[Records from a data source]
lemma expectation_haar_swap:
  assumes F: "(\<lambda>(g, \<omega>, s, t). F g \<omega> s t) \<in> borel_measurable (lam \<Otimes>\<^sub>M P \<Otimes>\<^sub>M S \<Otimes>\<^sub>M S)"
  shows "(\<integral>\<^sup>+\<omega>. \<integral>\<^sup>+t. \<integral>\<^sup>+s. \<integral>\<^sup>+g. F g \<omega> s t \<partial>lam \<partial>\<xi> \<omega> \<partial>\<eta> \<omega> \<partial>P)
       = (\<integral>\<^sup>+g. \<integral>\<^sup>+\<omega>. \<integral>\<^sup>+t. \<integral>\<^sup>+s. F g \<omega> s t \<partial>\<xi> \<omega> \<partial>\<eta> \<omega> \<partial>P \<partial>lam)"
proof -
  interpret lamP: pair_sigma_finite lam P by unfold_locales
  have [measurable (raw)]: "(\<lambda>x. F (a x) (b x) (c x) (d x)) \<in> borel_measurable M"
    if "a \<in> measurable M lam" "b \<in> measurable M P" "c \<in> measurable M S" "d \<in> measurable M S"
    for a b c d and M :: "'z measure"
    using measurable_compose[OF measurable_Pair[OF that(1) measurable_Pair[OF that(2)
          measurable_Pair[OF that(3,4)]]] F] by simp
  define Z where "Z g \<omega> = (\<integral>\<^sup>+t. \<integral>\<^sup>+s. F g \<omega> s t \<partial>\<xi>' \<omega> \<partial>\<eta>' \<omega>)" for g \<omega>
  have "(\<lambda>x. \<integral>\<^sup>+t. \<integral>\<^sup>+s. F (fst x) (snd x) s t \<partial>\<xi>' (snd x) \<partial>\<eta>' (snd x)) \<in> borel_measurable (lam \<Otimes>\<^sub>M P)"
    by (rule measurable_iterated_finite_version[OF measurable_snd]) measurable
  then have Z: "(\<lambda>(g, \<omega>). Z g \<omega>) \<in> borel_measurable (lam \<Otimes>\<^sub>M P)"
    unfolding Z_def by (simp add: case_prod_beta')
  have swap: "(\<integral>\<^sup>+t. \<integral>\<^sup>+s. \<integral>\<^sup>+g. F g \<omega> s t \<partial>lam \<partial>\<xi> \<omega> \<partial>\<eta> \<omega>) = (\<integral>\<^sup>+g. Z g \<omega> \<partial>lam)"
    if "\<omega> \<in> finite_points P S \<xi>" "\<omega> \<in> finite_points P S \<eta>" for \<omega>
  proof -
    have "\<omega> \<in> space P" using that finite_points_subset_space[OF random_measure_\<xi>] by auto
    then have F\<omega>: "(\<lambda>(g, s, t). F g \<omega> s t) \<in> borel_measurable (lam \<Otimes>\<^sub>M S \<Otimes>\<^sub>M S)"
      by measurable
    show ?thesis
      using nn_integral_haar_swap[OF that F\<omega>] that unfolding Z_def
      by (simp add: finite_version_eq[OF random_measure_\<xi>] finite_version_eq[OF random_measure_\<eta>])
  qed
  have "(\<integral>\<^sup>+\<omega>. \<integral>\<^sup>+t. \<integral>\<^sup>+s. \<integral>\<^sup>+g. F g \<omega> s t \<partial>lam \<partial>\<xi> \<omega> \<partial>\<eta> \<omega> \<partial>P) = (\<integral>\<^sup>+\<omega>. \<integral>\<^sup>+g. Z g \<omega> \<partial>lam \<partial>P)"
    using AE_finite_points[OF random_measure_\<xi>] AE_finite_points[OF random_measure_\<eta>]
    by (intro nn_integral_cong_AE, eventually_elim) (rule swap)
  also have "\<dots> = (\<integral>\<^sup>+g. \<integral>\<^sup>+\<omega>. Z g \<omega> \<partial>P \<partial>lam)"
    by (rule lamP.Fubini'[OF Z])
  also have "\<dots> = (\<integral>\<^sup>+g. \<integral>\<^sup>+\<omega>. \<integral>\<^sup>+t. \<integral>\<^sup>+s. F g \<omega> s t \<partial>\<xi> \<omega> \<partial>\<eta> \<omega> \<partial>P \<partial>lam)"
    by (simp only: Z_def expectation_finite_version)
  finally show ?thesis .
qed

text \<open>The exchange formula: both sides equal the integral over the group of the shifted
  expectations, which agree by stationarity.\<close>

lemma exchange_formula:
  assumes p: "(\<lambda>(s, t). p s t) \<in> borel_measurable (S \<Otimes>\<^sub>M S)" and [measurable]: "q \<in> borel_measurable S"
  shows "(\<integral>\<^sup>+\<omega>. \<integral>\<^sup>+t. \<integral>\<^sup>+s. m \<omega> s t * p s t * orbit_integral q t \<partial>\<xi> \<omega> \<partial>\<eta> \<omega> \<partial>P)
       = (\<integral>\<^sup>+\<omega>. \<integral>\<^sup>+t. \<integral>\<^sup>+s. m \<omega> s t * q t * (\<integral>\<^sup>+g. p (act (-g) s) (act (-g) t) \<partial>lam) \<partial>\<xi> \<omega> \<partial>\<eta> \<omega> \<partial>P)"
proof -
  have [measurable (raw)]: "(\<lambda>x. p (f x) (g x)) \<in> borel_measurable M"
    if "f \<in> measurable M S" "g \<in> measurable M S" for f g and M :: "'z measure"
    using measurable_compose[OF measurable_Pair[OF that] p] by simp
  have "(\<integral>\<^sup>+\<omega>. \<integral>\<^sup>+t. \<integral>\<^sup>+s. m \<omega> s t * p s t * orbit_integral q t \<partial>\<xi> \<omega> \<partial>\<eta> \<omega> \<partial>P)
      = (\<integral>\<^sup>+\<omega>. \<integral>\<^sup>+t. \<integral>\<^sup>+s. \<integral>\<^sup>+g. m \<omega> s t * p s t * q (act g t) \<partial>lam \<partial>\<xi> \<omega> \<partial>\<eta> \<omega> \<partial>P)"
  proof (rule expectation_cong)
    fix \<omega> s t assume "t \<in> space S"
    then have "(\<lambda>g. q (act g t)) \<in> borel_measurable lam" by measurable
    then show "m \<omega> s t * p s t * orbit_integral q t = (\<integral>\<^sup>+g. m \<omega> s t * p s t * q (act g t) \<partial>lam)"
      by (simp add: orbit_integral_def nn_integral_cmult)
  qed
  also have "\<dots> = (\<integral>\<^sup>+g. \<integral>\<^sup>+\<omega>. \<integral>\<^sup>+t. \<integral>\<^sup>+s. m \<omega> s t * p s t * q (act g t) \<partial>\<xi> \<omega> \<partial>\<eta> \<omega> \<partial>P \<partial>lam)"
    by (rule expectation_haar_swap) measurable
  also have "\<dots> = (\<integral>\<^sup>+g. \<integral>\<^sup>+\<omega>. \<integral>\<^sup>+t. \<integral>\<^sup>+s. m \<omega> s t * p (act (-g) s) (act (-g) t) * q t \<partial>\<xi> \<omega> \<partial>\<eta> \<omega> \<partial>P \<partial>lam)"
  proof (rule nn_integral_cong)
    fix g
    have "(\<integral>\<^sup>+\<omega>. \<integral>\<^sup>+t. \<integral>\<^sup>+s. m \<omega> s t * p s t * q (act g t) \<partial>\<xi> \<omega> \<partial>\<eta> \<omega> \<partial>P)
      = (\<integral>\<^sup>+\<omega>. \<integral>\<^sup>+t. \<integral>\<^sup>+s. m (\<theta> (-g) \<omega>) (act (-g) s) (act (-g) t) * p (act (-g) s) (act (-g) t)
          * q (act g (act (-g) t)) \<partial>\<xi> \<omega> \<partial>\<eta> \<omega> \<partial>P)"
      by (rule expectation_invariant) measurable
    also have "\<dots> = (\<integral>\<^sup>+\<omega>. \<integral>\<^sup>+t. \<integral>\<^sup>+s. m \<omega> s t * p (act (-g) s) (act (-g) t) * q t \<partial>\<xi> \<omega> \<partial>\<eta> \<omega> \<partial>P)"
      by (rule expectation_cong) (simp add: m_invariant act_act_uminus)
    finally show "(\<integral>\<^sup>+\<omega>. \<integral>\<^sup>+t. \<integral>\<^sup>+s. m \<omega> s t * p s t * q (act g t) \<partial>\<xi> \<omega> \<partial>\<eta> \<omega> \<partial>P)
      = (\<integral>\<^sup>+\<omega>. \<integral>\<^sup>+t. \<integral>\<^sup>+s. m \<omega> s t * p (act (-g) s) (act (-g) t) * q t \<partial>\<xi> \<omega> \<partial>\<eta> \<omega> \<partial>P)" .
  qed
  also have "\<dots> = (\<integral>\<^sup>+\<omega>. \<integral>\<^sup>+t. \<integral>\<^sup>+s. \<integral>\<^sup>+g. m \<omega> s t * p (act (-g) s) (act (-g) t) * q t \<partial>lam \<partial>\<xi> \<omega> \<partial>\<eta> \<omega> \<partial>P)"
    by (rule expectation_haar_swap[symmetric]) measurable
  also have "\<dots> = (\<integral>\<^sup>+\<omega>. \<integral>\<^sup>+t. \<integral>\<^sup>+s. m \<omega> s t * q t * (\<integral>\<^sup>+g. p (act (-g) s) (act (-g) t) \<partial>lam) \<partial>\<xi> \<omega> \<partial>\<eta> \<omega> \<partial>P)"
  proof (rule expectation_cong)
    fix \<omega> s t assume "s \<in> space S" "t \<in> space S"
    then have "(\<lambda>g. p (act (-g) s) (act (-g) t)) \<in> borel_measurable lam" by measurable
    then show "(\<integral>\<^sup>+g. m \<omega> s t * p (act (-g) s) (act (-g) t) * q t \<partial>lam)
        = m \<omega> s t * q t * (\<integral>\<^sup>+g. p (act (-g) s) (act (-g) t) \<partial>lam)"
      by (simp add: nn_integral_cmult nn_integral_multc ac_simps)
  qed
  finally show ?thesis .
qed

▶ Aim of the task: The expected answer is a copy of each line above containing "that".

▶ Completed task:
    using measurable_compose[OF measurable_Pair[OF that(1) measurable_Pair[OF that(2)
          measurable_Pair[OF that(3,4)]]] F] by simp
    have "\<omega> \<in> space P" using that finite_points_subset_space[OF random_measure_\<xi>] by auto
      using nn_integral_haar_swap[OF that F\<omega>] that unfolding Z_def
    using measurable_compose[OF measurable_Pair[OF that] p] by simp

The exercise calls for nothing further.